VBOXx410: How to Crack It, Step by Step - The first step in cracking
any time limited
program is to achieve a successful execution of the application, while
under a debugger, after the time
limitation has expired; only then may the "theoretical" crack be
written to the executable. The VBOX
protection system, however, uses a routine to detect the presence of a
debugger and Marigold describes it
in his essay. While it may be time consuming to locate such a routine
with software tools only,
executing the application simultaneously on identical machines, one
equipped with SoftIce and the other
with a hardware based in-circuit emulator, readily highlights the
discrepancy in the return value of EAX
from the CALL 7019240 at offset 7006F5A. It is understandable that
the vast majority of readers do not
have access to hardware based debugging tools and it is sufficient to
merely keep in mind that a BMPB
7006F5A X followed by an execution of the CALL and manually setting
EAX to zero while under
SoftIce will suffice to allow the program to execute normally under a
debugger. The reader is cautioned
that, because of the VBOX code integrity routines, only debug register
breakpoints should be used
(except, of course, within our stealth routine) as opposed to
traditional CC breakpoints.
Stepping through the code we come to the DialogBoxParamA call at
offset 70025C3 in the "Trial"
version or offset 8002912 in the "Commercial" version, which displays
the VBOX Time Limitation
screen. The return value for "Try" is zero, the value for "Quit" is
one. Again, clicking the "Quit" button
and then manually setting the value of EAX to zero while under SoftIce
will allow the program to
continue. The final procedure is to step through the code until we
reach the RaiseException call at offset
7035629 which displays an expiration message and exits. If we simply
"step over" this call, and adjust
the stack accordingly, the program executes flawlessly. Thus, the
crack to the entire VBOX protection
system, whether it be the Trial or Commercial edition is to have the
DialogBoxParamA call return
zero and to have the RaiseException call return without executing.

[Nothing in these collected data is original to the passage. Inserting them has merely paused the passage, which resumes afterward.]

(* Let $n\ge 1$, let $a>0$ be a scaling factor, and let $\alpha=(\alpha_1,\alpha_2,\dotsc)$ be a weak composition of $n$. Let $\operatorname{ord}\alpha$ denote the partition obtained by arranging the parts of $\alpha$ in weakly decreasing order. Let $f:\mathbb{R}_{\ge 0}\to\mathbb{R}_{\ge 0}$ be right-continuous and weakly decreasing with $f(x)\to 0$ as $x\to\infty$. Then \[ \|\rho_a(\operatorname{ord}\alpha)-f\|_\infty\le \|\rho_a(\alpha)-f\|_\infty, \] where $\|g\|_\infty=\sup\{|g(x)|:x\ge 0\}$.
   Context: A weak composition of $n$ is an infinite sequence $\alpha=(\alpha_1,\alpha_2,\dotsc)$ of nonnegative integers with $\sum_i\alpha_i=n$. Its diagram-boundary function is $\partial\alpha(x)=\alpha_{\lfloor x\rfloor+1}$ for $x\ge 0$. With scaling factor $a>0$ (row lengths multiplied by $1/a$, column heights by $a/n$), the rescaled diagram-boundary function is $\rho_a(\alpha)(x)=\frac{a}{n}\,\partial\alpha(ax)=\frac{a}{n}\alpha_{\lfloor ax\rfloor+1}$; the same definition applies to partitions (viewed as weakly decreasing weak compositions). *)

theory Defs
  imports "HOL-Analysis.Analysis" "HOL-Library.Multiset"
begin

(* A weak composition alpha = (alpha_1, alpha_2, ...) is represented 0-indexed:
   the function  al :: nat => nat  with  al i = alpha_(i+1). *)
definition weak_composition :: "nat \<Rightarrow> (nat \<Rightarrow> nat) \<Rightarrow> bool" where
  "weak_composition n al \<longleftrightarrow> finite {i. al i \<noteq> 0} \<and> (\<Sum>i\<in>{i. al i \<noteq> 0}. al i) = n"

definition parts :: "(nat \<Rightarrow> nat) \<Rightarrow> nat multiset" where
  "parts al = image_mset al (mset_set {i. al i \<noteq> 0})"

definition ord_comp :: "(nat \<Rightarrow> nat) \<Rightarrow> (nat \<Rightarrow> nat)" where
  "ord_comp al i = (let L = rev (sorted_list_of_multiset (parts al)) in
                     if i < length L then L ! i else 0)"

(* diagram-boundary function: partial alpha (x) = alpha_(floor x + 1) = al (floor x) *)
definition boundary :: "(nat \<Rightarrow> nat) \<Rightarrow> real \<Rightarrow> real" where
  "boundary al x = real (al (nat \<lfloor>x\<rfloor>))"

definition rho :: "nat \<Rightarrow> real \<Rightarrow> (nat \<Rightarrow> nat) \<Rightarrow> real \<Rightarrow> real" where
  "rho n a al x = (a / real n) * boundary al (a * x)"

definition supnorm :: "(real \<Rightarrow> real) \<Rightarrow> ereal" where
  "supnorm g = (SUP x\<in>{0::real..}. ereal \<bar>g x\<bar>)"

end

theory Submission
  imports Defs
begin

text \<open>Sorting does not change how many parts satisfy a given condition. Hence at most \<open>i\<close>
  parts of \<open>\<alpha>\<close> exceed \<open>(ord \<alpha>)\<^sub>i\<close>, while at least \<open>i + 1\<close> parts are \<open>\<ge> (ord \<alpha>)\<^sub>i\<close>
  (counting the zero parts too). So \<open>(ord \<alpha>)\<^sub>i\<close> is dominated by some part of \<open>\<alpha>\<close> at or after
  position \<open>i\<close> and dominates some part at or before position \<open>i\<close>. For a weakly decreasing \<open>f\<close>,
  a positive deviation \<open>\<rho>\<^sub>a(ord \<alpha>)(x) - f(x)\<close> is therefore matched by at least as large a
  deviation of \<open>\<rho>\<^sub>a(\<alpha>)\<close> at some point \<open>y \<ge> x\<close>, and a negative one at some \<open>y \<le> x\<close>.\<close>

definition sorted_parts :: "(nat \<Rightarrow> nat) \<Rightarrow> nat list" where
  "sorted_parts al = rev (sorted_list_of_multiset (parts al))"

lemma ord_comp_eq_sorted_parts:
  "ord_comp al i = (if i < length (sorted_parts al) then sorted_parts al ! i else 0)"
  unfolding ord_comp_def sorted_parts_def Let_def ..

lemma sorted_wrt_sorted_parts: "sorted_wrt (\<ge>) (sorted_parts al)"
  unfolding sorted_parts_def sorted_wrt_rev by simp

lemma length_filter_sorted_parts:
  assumes "finite {j. al j \<noteq> 0}"
  shows "length (filter P (sorted_parts al)) = card {j. al j \<noteq> 0 \<and> P (al j)}"
proof -
  have "length (filter P (sorted_parts al)) = size (filter_mset P (parts al))"
    unfolding sorted_parts_def by (metis mset_filter mset_rev mset_sorted_list_of_multiset size_mset)
  also have "\<dots> = card {j. al j \<noteq> 0 \<and> P (al j)}"
    using assms unfolding parts_def filter_mset_image_mset by simp
  finally show ?thesis .
qed

lemma card_parts_conv_card_sorted_parts:
  assumes "finite {j. al j \<noteq> 0}"
  shows "card {j. al j \<noteq> 0 \<and> P (al j)}
    = card {k. k < length (sorted_parts al) \<and> P (sorted_parts al ! k)}"
  using length_filter_sorted_parts[OF assms, of P] by (simp add: length_filter_conv_card)

lemma length_sorted_parts:
  "finite {j. al j \<noteq> 0} \<Longrightarrow> length (sorted_parts al) = card {j. al j \<noteq> 0}"
  using length_filter_sorted_parts[of al "\<lambda>_. True"] by simp

lemma sorted_desc_card_ge_nth:
  fixes xs :: "'a::linorder list"
  assumes "sorted_wrt (\<ge>) xs" and "i < length xs"
  shows "i < card {k. k < length xs \<and> xs ! i \<le> xs ! k}"
proof -
  have "xs ! i \<le> xs ! k" if "k \<le> i" for k
    using that assms sorted_wrt_nth_less[OF assms(1), of k i] by (cases "k = i") auto
  then have "{..i} \<subseteq> {k. k < length xs \<and> xs ! i \<le> xs ! k}"
    using assms(2) by auto
  from card_mono[OF _ this] show ?thesis by simp
qed

lemma sorted_desc_card_gt_nth:
  fixes xs :: "'a::linorder list"
  assumes "sorted_wrt (\<ge>) xs"
  shows "card {k. k < length xs \<and> xs ! i < xs ! k} \<le> i"
proof -
  have "k < i" if "k < length xs" and "xs ! i < xs ! k" for k
  proof (rule ccontr)
    assume "\<not> k < i"
    then have "xs ! k \<le> xs ! i"
      using that(1) sorted_wrt_nth_less[OF assms, of i k] by (cases "i = k") auto
    with that(2) show False by simp
  qed
  then have "{k. k < length xs \<and> xs ! i < xs ! k} \<subseteq> {..<i}" by auto
  from card_mono[OF _ this] show ?thesis by simp
qed

lemma card_gt_imp_ex_ge:
  fixes A :: "nat set"
  assumes "finite A" and "i < card A"
  shows "\<exists>j\<in>A. i \<le> j"
proof (rule ccontr)
  assume "\<not> ?thesis"
  then have "A \<subseteq> {..<i}" by auto
  from card_mono[OF _ this] assms(2) show False by simp
qed

lemma card_le_imp_ex_le_notin:
  fixes A :: "nat set"
  assumes "finite A" and "card A \<le> i"
  shows "\<exists>j\<le>i. j \<notin> A"
proof (rule ccontr)
  assume "\<not> ?thesis"
  then have "{..i} \<subseteq> A" by auto
  from card_mono[OF assms(1) this] assms(2) show False by simp
qed

lemma ord_comp_le_later_part:
  assumes "finite {j. al j \<noteq> 0}"
  shows "\<exists>j\<ge>i. ord_comp al i \<le> al j"
proof (cases "i < length (sorted_parts al)")
  case True
  let ?xs = "sorted_parts al"
  have "i < card {j. al j \<noteq> 0 \<and> ?xs ! i \<le> al j}"
    unfolding card_parts_conv_card_sorted_parts[OF assms]
    using sorted_desc_card_ge_nth[OF sorted_wrt_sorted_parts True] .
  then show ?thesis
    using card_gt_imp_ex_ge[of "{j. al j \<noteq> 0 \<and> ?xs ! i \<le> al j}"] assms True
    by (auto simp: ord_comp_eq_sorted_parts)
qed (auto simp: ord_comp_eq_sorted_parts)

lemma ord_comp_ge_earlier_part:
  assumes "finite {j. al j \<noteq> 0}"
  shows "\<exists>j\<le>i. al j \<le> ord_comp al i"
proof -
  let ?xs = "sorted_parts al" and ?b = "ord_comp al i"
  have "card {j. al j \<noteq> 0 \<and> ?b < al j} \<le> i"
  proof (cases "i < length ?xs")
    case True
    then show ?thesis
      unfolding card_parts_conv_card_sorted_parts[OF assms]
      using sorted_desc_card_gt_nth[OF sorted_wrt_sorted_parts, of al i]
      by (simp add: ord_comp_eq_sorted_parts)
  next
    case False
    then show ?thesis by (simp add: ord_comp_eq_sorted_parts length_sorted_parts[OF assms])
  qed
  moreover have "finite {j. al j \<noteq> 0 \<and> ?b < al j}" using assms by simp
  ultimately obtain j where "j \<le> i" "j \<notin> {j. al j \<noteq> 0 \<and> ?b < al j}"
    using card_le_imp_ex_le_notin by blast
  then show ?thesis by (auto simp: not_less)
qed

lemma rho_eq: "rho n a al x = a / real n * real (al (nat \<lfloor>a * x\<rfloor>))"
  unfolding rho_def boundary_def ..

lemma ex_point_with_later_index:
  fixes a x :: real
  assumes "a > 0" and "nat \<lfloor>a * x\<rfloor> \<le> j"
  shows "\<exists>y\<ge>x. nat \<lfloor>a * y\<rfloor> = j"
proof (cases "nat \<lfloor>a * x\<rfloor> = j")
  case False
  then have "a * x \<le> real j"
    using assms(2) by linarith
  then have "x \<le> real j / a" using assms(1) by (simp add: field_simps)
  then show ?thesis using assms(1) by (intro exI[of _ "real j / a"]) simp
qed auto

lemma ex_point_with_earlier_index:
  fixes a x :: real
  assumes "a > 0" and "x \<ge> 0" and "j \<le> nat \<lfloor>a * x\<rfloor>"
  shows "\<exists>y. 0 \<le> y \<and> y \<le> x \<and> nat \<lfloor>a * y\<rfloor> = j"
proof -
  have "0 \<le> a * x" using assms(1,2) by simp
  with assms(3) have "real j \<le> a * x" by linarith
  then have "real j / a \<le> x" using assms(1) by (simp add: field_simps)
  then show ?thesis using assms(1) by (intro exI[of _ "real j / a"]) simp
qed

lemma supnorm_le_of_pointwise_dominated:
  assumes "\<And>x. 0 \<le> x \<Longrightarrow> \<exists>y\<ge>0. \<bar>g x\<bar> \<le> \<bar>h y\<bar>"
  shows "supnorm g \<le> supnorm h"
  unfolding supnorm_def
proof (rule SUP_least)
  fix x :: real assume "x \<in> {0..}"
  then obtain y where "y \<ge> 0" "\<bar>g x\<bar> \<le> \<bar>h y\<bar>" using assms by auto
  then show "ereal \<bar>g x\<bar> \<le> (SUP y\<in>{0..}. ereal \<bar>h y\<bar>)"
    by (intro SUP_upper2[of y]) auto
qed

lemma supnorm_rho_le_of_interlacing:
  assumes "a > 0" and antimono: "\<And>x y. 0 \<le> x \<Longrightarrow> x \<le> y \<Longrightarrow> f y \<le> f x"
    and later: "\<And>i. \<exists>j\<ge>i. b i \<le> al j" and earlier: "\<And>i. \<exists>j\<le>i. al j \<le> b i"
  shows "supnorm (\<lambda>x. rho n a b x - f x) \<le> supnorm (\<lambda>x. rho n a al x - f x)"
proof (rule supnorm_le_of_pointwise_dominated)
  fix x :: real assume "0 \<le> x"
  define i where "i = nat \<lfloor>a * x\<rfloor>"
  have "a / real n \<ge> 0" using assms(1) by simp
  consider "f x \<le> rho n a b x" | "rho n a b x \<le> f x" by linarith
  then show "\<exists>y\<ge>0. \<bar>rho n a b x - f x\<bar> \<le> \<bar>rho n a al y - f y\<bar>"
  proof cases
    case 1
    obtain j where "i \<le> j" "b i \<le> al j" using later by blast
    obtain y where "x \<le> y" "nat \<lfloor>a * y\<rfloor> = j"
      using ex_point_with_later_index[OF assms(1)] \<open>i \<le> j\<close> i_def by blast
    have "\<bar>rho n a b x - f x\<bar> = a / real n * b i - f x"
      using 1 by (simp add: rho_eq i_def)
    also have "\<dots> \<le> a / real n * al j - f y"
      using \<open>b i \<le> al j\<close> \<open>a / real n \<ge> 0\<close> antimono[OF \<open>0 \<le> x\<close> \<open>x \<le> y\<close>]
      by (smt (verit) mult_left_mono of_nat_mono)
    also have "\<dots> \<le> \<bar>rho n a al y - f y\<bar>"
      using \<open>nat \<lfloor>a * y\<rfloor> = j\<close> by (simp add: rho_eq)
    finally show ?thesis using \<open>0 \<le> x\<close> \<open>x \<le> y\<close> by (intro exI[of _ y]) simp
  next
    case 2
    obtain j where "j \<le> i" "al j \<le> b i" using earlier by blast
    obtain y where "0 \<le> y" "y \<le> x" "nat \<lfloor>a * y\<rfloor> = j"
      using ex_point_with_earlier_index[OF assms(1) \<open>0 \<le> x\<close>] \<open>j \<le> i\<close> i_def by blast
    have "\<bar>rho n a b x - f x\<bar> = f x - a / real n * b i"
      using 2 by (simp add: rho_eq i_def)
    also have "\<dots> \<le> f y - a / real n * al j"
      using \<open>al j \<le> b i\<close> \<open>a / real n \<ge> 0\<close> antimono[OF \<open>0 \<le> y\<close> \<open>y \<le> x\<close>]
      by (smt (verit) mult_left_mono of_nat_mono)
    also have "\<dots> \<le> \<bar>rho n a al y - f y\<bar>"
      using \<open>nat \<lfloor>a * y\<rfloor> = j\<close> by (simp add: rho_eq)
    finally show ?thesis using \<open>0 \<le> y\<close> by blast
  qed
qed

theorem lemma1:
  fixes n :: nat and a :: real and al :: "nat \<Rightarrow> nat" and f :: "real \<Rightarrow> real"
  assumes "n \<ge> 1" and "a > 0" and "weak_composition n al"
    and "\<forall>x\<ge>0. f x \<ge> 0"
    and "\<forall>x\<ge>0. continuous (at_right x) f"
    and "\<forall>x y. 0 \<le> x \<longrightarrow> x \<le> y \<longrightarrow> f y \<le> f x"
    and "(f \<longlongrightarrow> 0) at_top"
  shows "supnorm (\<lambda>x. rho n a (ord_comp al) x - f x) \<le> supnorm (\<lambda>x. rho n a al x - f x)"
proof (rule supnorm_rho_le_of_interlacing)
  have fin: "finite {j. al j \<noteq> 0}"
    using assms(3) unfolding weak_composition_def by simp
  show "\<exists>j\<ge>i. ord_comp al i \<le> al j" for i
    using ord_comp_le_later_part[OF fin] .
  show "\<exists>j\<le>i. al j \<le> ord_comp al i" for i
    using ord_comp_ge_earlier_part[OF fin] .
qed (use assms(2,6) in auto)

end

Nothing could be more simple; the
challenging part, however, is implementing the crack in view of the
varied and diverse protection
routines that VBOX implements (i.e., packing, memory image checks,
encryption, etc.)
Obviously we can not simply NOP out the code, since it is both packed
and repeatedly checked.
However, does VBOX require the CALLs be executed at all? We know the
answer is "No" for the
RaiseException call, but does the DialogBoxParamA call have to be
executed or does VBOX merely
check the EAX register upon the return? Again we step through the
code with SoftIce (remembering to
deal with the debug check routine) and break on DialogBoxParamA.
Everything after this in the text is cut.